# Work to complete
Copy exactly the lines from the one containing "(?ll * ?IB) \<le> LIB" through the last line of the records, both included, and nothing more.

# Excerpted data
(* Let $X$ be a compact topological space, let $D\subseteq X$, let $\overline{D}$ be the closure of $D$ in $X$, and put $\partial D:=\overline{D}\setminus D$. Let $Y$ be a Hausdorff topological space and let $f\colon\overline{D}\to Y$ be a continuous map such that $f(D)$ is open in $Y$. Let $E$ be any connected subset of $Y\setminus f(\partial D)$. Then either $E\subseteq f(D)$ or $f(\overline{D})\subseteq Y\setminus E$.
   Context: Note that $\partial D$ is defined as $\overline{D}\setminus D$ (which coincides with the usual boundary when $D$ is open). *)

theory Defs
  imports "HOL-Analysis.Analysis"
begin

end

theory Submission
  imports Defs
begin

text \<open>The set \<open>f ` D\<close> is open, and inside \<open>E\<close> it coincides with the image of the compact set
  \<open>X closure_of D\<close>, which is closed in the Hausdorff space \<open>Y\<close>.  So \<open>E \<inter> f ` D\<close> is clopen in the
  connected set \<open>E\<close>.\<close>

lemma connectedin_subset_or_disjnt_clopen:
  assumes "connectedin Y E" "openin Y U" "closedin Y C" "E \<inter> U = E \<inter> C"
  shows "E \<subseteq> U \<or> disjnt E C"
proof -
  have conn: "connectedin (subtopology Y E) E"
    using assms(1) by (simp add: connectedin_subtopology)
  have "openin (subtopology Y E) (E \<inter> U)"
    using openin_subtopology_Int2[OF assms(2)] by (simp add: Int_commute)
  moreover have "closedin (subtopology Y E) (E \<inter> U)"
    using closedin_subtopology_Int_closed[OF assms(3), of E] assms(4) by (simp add: Int_commute)
  ultimately have "E \<subseteq> E \<inter> U \<or> disjnt E (E \<inter> U)"
    using connectedin_clopen_cases[OF conn] by blast
  with assms(4) show ?thesis by (auto simp: disjnt_def)
qed

lemma closedin_image_closure_of:
  assumes "compact_space X" "Hausdorff_space Y"
    and "continuous_map (subtopology X (X closure_of D)) Y f"
  shows "closedin Y (f ` (X closure_of D))"
proof -
  have "compactin (subtopology X (X closure_of D)) (X closure_of D)"
    using closedin_compact_space[OF assms(1)] by (simp add: compactin_subtopology)
  then have "compactin Y (f ` (X closure_of D))"
    using image_compactin assms(3) by blast
  with assms(2) show ?thesis
    by (rule compactin_imp_closedin)
qed

theorem mainTheorem1:
  fixes X :: "'a topology" and Y :: "'b topology"
    and D :: "'a set" and f :: "'a \<Rightarrow> 'b" and E :: "'b set"
  assumes "compact_space X"
    and "D \<subseteq> topspace X"
    and "Hausdorff_space Y"
    and "continuous_map (subtopology X (X closure_of D)) Y f"
    and "openin Y (f ` D)"
    and "connectedin Y E"
    and "E \<subseteq> topspace Y - f ` (X closure_of D - D)"
  shows "E \<subseteq> f ` D \<or> f ` (X closure_of D) \<subseteq> topspace Y - E"
proof -
  have closed: "closedin Y (f ` (X closure_of D))"
    using assms(1,3,4) by (rule closedin_image_closure_of)
  have "E \<inter> f ` D = E \<inter> f ` (X closure_of D)"
    using assms(7) closure_of_subset[OF assms(2)] by blast
  then have "E \<subseteq> f ` D \<or> disjnt E (f ` (X closure_of D))"
    using connectedin_subset_or_disjnt_clopen[OF assms(6,5) closed] by blast
  moreover have "f ` (X closure_of D) \<subseteq> topspace Y"
    using closed closedin_subset by blast
  ultimately show ?thesis
    by (auto simp: disjnt_def)
qed

end
lemma IB_block_perm_diagonal_bounds:
  assumes "2 \<le> B"
  shows "2 ^ B * real B \<le> real (IB (block_perm B B))"
    and "real (IB (block_perm B B)) \<le> 2 * (2 ^ B * real B)"
proof -
  have IB: "real (IB (block_perm B B)) = 2 ^ B * (2 * real B - 2) + 1"
    using IB_block_perm[of B B] assms by simp
  have "0 \<le> (2::real) ^ B * (real B - 2)" using assms by simp
  moreover have "2 ^ B * (2 * real B - 2) = 2 ^ B * real B + (2::real) ^ B * (real B - 2)"
    by (simp add: algebra_simps)
  ultimately show "2 ^ B * real B \<le> real (IB (block_perm B B))"
    unfolding IB by linarith
  have "2 * (2 ^ B * real B) = 2 ^ B * (2 * real B - 2) + 2 * (2::real) ^ B"
    by (simp add: algebra_simps)
  moreover have "(1::real) \<le> 2 ^ B" by simp
  ultimately show "real (IB (block_perm B B)) \<le> 2 * (2 ^ B * real B)"
    unfolding IB by linarith
qed

lemma LIB_block_perm_diagonal_bounds:
  fixes b :: nat
  defines "B \<equiv> 2 ^ b :: nat"
  shows "real b * (2 ^ B * real B) \<le> LIB (block_perm B B)"
    and "LIB (block_perm B B) \<le> (2 * real b + 1) * (2 ^ B * real B)"
proof -
  define L where "L = LIB [0..<B]"
  have LIB: "LIB (block_perm B B) = 2 ^ B * (L + real B * lg (real B + 1))"
    using LIB_block_perm[of B B] unfolding L_def B_def by simp
  have L: "0 \<le> L" "L \<le> real b * real B"
    unfolding L_def using LIB_nonneg LIB_le_depth_times_length[of "[0..<B]" b]
    by (simp_all add: B_def)
  have lgB: "real b \<le> lg (real B + 1)" "lg (real B + 1) \<le> real b + 1"
    by (rule lg_between_powers; simp add: B_def)+
  have "real b * (2 ^ B * real B) = 2 ^ B * (real B * real b)" by simp
  also have "\<dots> \<le> 2 ^ B * (L + real B * lg (real B + 1))"
    using lgB L by (intro mult_left_mono add_increasing) simp_all
  finally show "real b * (2 ^ B * real B) \<le> LIB (block_perm B B)"
    unfolding LIB .
  have "2 ^ B * (L + real B * lg (real B + 1)) \<le> 2 ^ B * (real b * real B + real B * (real b + 1))"
    using L lgB by (intro mult_left_mono add_mono) simp_all
  then show "LIB (block_perm B B) \<le> (2 * real b + 1) * (2 ^ B * real B)"
    unfolding LIB by (simp add: algebra_simps)
qed

lemma lg_lg_diagonal_bounds:
  fixes b :: nat
  defines "B \<equiv> 2 ^ b :: nat"
  shows "real b \<le> lg (lg (real (2 ^ B * B)))" and "lg (lg (real (2 ^ B * B))) \<le> real b + 1"
proof -
  have "lg (real (2 ^ B * B)) = real B + real b"
    unfolding B_def lg_def by (simp add: log_mult)
  moreover have "2 ^ b \<le> real B + real b" "real B + real b \<le> 2 ^ Suc b"
    using less_exp[of b] unfolding B_def by simp_all
  ultimately show "real b \<le> lg (lg (real (2 ^ B * B)))" "lg (lg (real (2 ^ B * B))) \<le> real b + 1"
    using lg_between_powers by simp_all
qed

lemma LIB_block_perm_diagonal_Theta:
  assumes b: "1 \<le> b"
  defines "B \<equiv> 2 ^ b :: nat"
  shows "1 / 4 * (lg (lg (real (2 ^ B * B))) * real (IB (block_perm B B))) \<le> LIB (block_perm B B)"
    and "LIB (block_perm B B) \<le> 3 * (lg (lg (real (2 ^ B * B))) * real (IB (block_perm B B)))"
proof -
  let ?ll = "lg (lg (real (2 ^ B * B)))" and ?IB = "real (IB (block_perm B B))"
  define M :: real where "M = 2 ^ B * real B"
  have "2 \<le> B" unfolding B_def using power_increasing[OF b, of "2::nat"] by simp
  note IB = IB_block_perm_diagonal_bounds[OF this, folded M_def]
  note LIB = LIB_block_perm_diagonal_bounds[of b, folded B_def]
  note ll = lg_lg_diagonal_bounds[of b, folded B_def]
  have M: "0 \<le> M" unfolding M_def by simp
  have "1 / 4 * (?ll * ?IB) \<le> 1 / 4 * ((real b + 1) * (2 * M))"
    using ll IB b by (intro mult_left_mono mult_mono) simp_all
  also have "\<dots> = (real b + 1) / 2 * M" by simp
  also have "\<dots> \<le> real b * M"
    using b M by (intro mult_right_mono) simp_all
  finally show "1 / 4 * (?ll * ?IB) \<le> LIB (block_perm B B)"
    using LIB(1) unfolding M_def by linarith
  have "(2 * real b + 1) * M \<le> 3 * real b * M"
    using b M by (intro mult_right_mono) simp_all
  also have "\<dots> \<le> 3 * (?ll * ?IB)"
    using ll IB M by (simp add: mult.assoc mult_mono)
  finally show "LIB (block_perm B B) \<le> 3 * (?ll * ?IB)"
    using LIB(2) unfolding M_def by linarith
qed

theorem lemma3:
  shows "\<exists>(S :: nat set) (\<pi> :: nat \<Rightarrow> nat list).
           infinite S \<and> (\<forall>n\<in>S. is_perm n (\<pi> n)) \<and>
           (\<exists>c1 c2 :: real. \<exists>n0 :: nat. c1 > 0 \<and> c2 > 0 \<and>
              (\<forall>n\<in>S. n \<ge> n0 \<longrightarrow>
                 c1 * (lg (lg (real n)) * real (IB (\<pi> n))) \<le> LIB (\<pi> n) \<and>
                 LIB (\<pi> n) \<le> c2 * (lg (lg (real n)) * real (IB (\<pi> n)))))"
proof -
  define keys :: "nat \<Rightarrow> nat" where "keys b = 2 ^ 2 ^ b * 2 ^ b" for b
  define S where "S = keys ` {1..}"
  define \<pi> where "\<pi> n = block_perm (2 ^ inv_into {1..} keys n) (2 ^ inv_into {1..} keys n)" for n
  have "strict_mono keys"
    unfolding keys_def by (intro strict_monoI mult_strict_mono power_strict_increasing) simp_all
  then have inj: "inj_on keys {1..}" using strict_mono_imp_inj_on inj_on_subset by blast
  then have "infinite S"
    unfolding S_def using infinite_Ici finite_imageD by blast
  moreover have "is_perm (keys b) (\<pi> (keys b)) \<and>
      1 / 4 * (lg (lg (real (keys b))) * real (IB (\<pi> (keys b)))) \<le> LIB (\<pi> (keys b)) \<and>
      LIB (\<pi> (keys b)) \<le> 3 * (lg (lg (real (keys b))) * real (IB (\<pi> (keys b))))"
    if "1 \<le> b" for b
  proof -
    have "\<pi> (keys b) = block_perm (2 ^ b) (2 ^ b)"
      unfolding \<pi>_def using inv_into_f_f[OF inj, of b] that by simp
    moreover have "keys b = 2 ^ 2 ^ b * 2 ^ b" by (rule keys_def)
    ultimately show ?thesis
      using is_perm_block_perm[of "2 ^ b" "2 ^ b"] LIB_block_perm_diagonal_Theta[OF that] by simp
  qed
  ultimately show ?thesis
    by (intro exI[of _ S] exI[of _ \<pi>] exI[of _ "1 / 4"] exI[of _ 3] exI[of _ 0] conjI) (auto simp: S_def)
qed

end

# Answer box
  finally show "1 / 4 * (?ll * ?IB) \<le> LIB (block_perm B B)"
    using LIB(1) unfolding M_def by linarith
  have "(2 * real b + 1) * M \<le> 3 * real b * M"
    using b M by (intro mult_right_mono) simp_all
  also have "\<dots> \<le> 3 * (?ll * ?IB)"
    using ll IB M by (simp add: mult.assoc mult_mono)
  finally show "LIB (block_perm B B) \<le> 3 * (?ll * ?IB)"
    using LIB(2) unfolding M_def by linarith
qed

theorem lemma3:
  shows "\<exists>(S :: nat set) (\<pi> :: nat \<Rightarrow> nat list).
           infinite S \<and> (\<forall>n\<in>S. is_perm n (\<pi> n)) \<and>
           (\<exists>c1 c2 :: real. \<exists>n0 :: nat. c1 > 0 \<and> c2 > 0 \<and>
              (\<forall>n\<in>S. n \<ge> n0 \<longrightarrow>
                 c1 * (lg (lg (real n)) * real (IB (\<pi> n))) \<le> LIB (\<pi> n) \<and>
                 LIB (\<pi> n) \<le> c2 * (lg (lg (real n)) * real (IB (\<pi> n)))))"
proof -
  define keys :: "nat \<Rightarrow> nat" where "keys b = 2 ^ 2 ^ b * 2 ^ b" for b
  define S where "S = keys ` {1..}"
  define \<pi> where "\<pi> n = block_perm (2 ^ inv_into {1..} keys n) (2 ^ inv_into {1..} keys n)" for n
  have "strict_mono keys"
    unfolding keys_def by (intro strict_monoI mult_strict_mono power_strict_increasing) simp_all
  then have inj: "inj_on keys {1..}" using strict_mono_imp_inj_on inj_on_subset by blast
  then have "infinite S"
    unfolding S_def using infinite_Ici finite_imageD by blast
  moreover have "is_perm (keys b) (\<pi> (keys b)) \<and>
      1 / 4 * (lg (lg (real (keys b))) * real (IB (\<pi> (keys b)))) \<le> LIB (\<pi> (keys b)) \<and>
      LIB (\<pi> (keys b)) \<le> 3 * (lg (lg (real (keys b))) * real (IB (\<pi> (keys b))))"
    if "1 \<le> b" for b
  proof -
    have "\<pi> (keys b) = block_perm (2 ^ b) (2 ^ b)"
      unfolding \<pi>_def using inv_into_f_f[OF inj, of b] that by simp
    moreover have "keys b = 2 ^ 2 ^ b * 2 ^ b" by (rule keys_def)
    ultimately show ?thesis
      using is_perm_block_perm[of "2 ^ b" "2 ^ b"] LIB_block_perm_diagonal_Theta[OF that] by simp
  qed
  ultimately show ?thesis
    by (intro exI[of _ S] exI[of _ \<pi>] exI[of _ "1 / 4"] exI[of _ 3] exI[of _ 0] conjI) (auto simp: S_def)
qed

end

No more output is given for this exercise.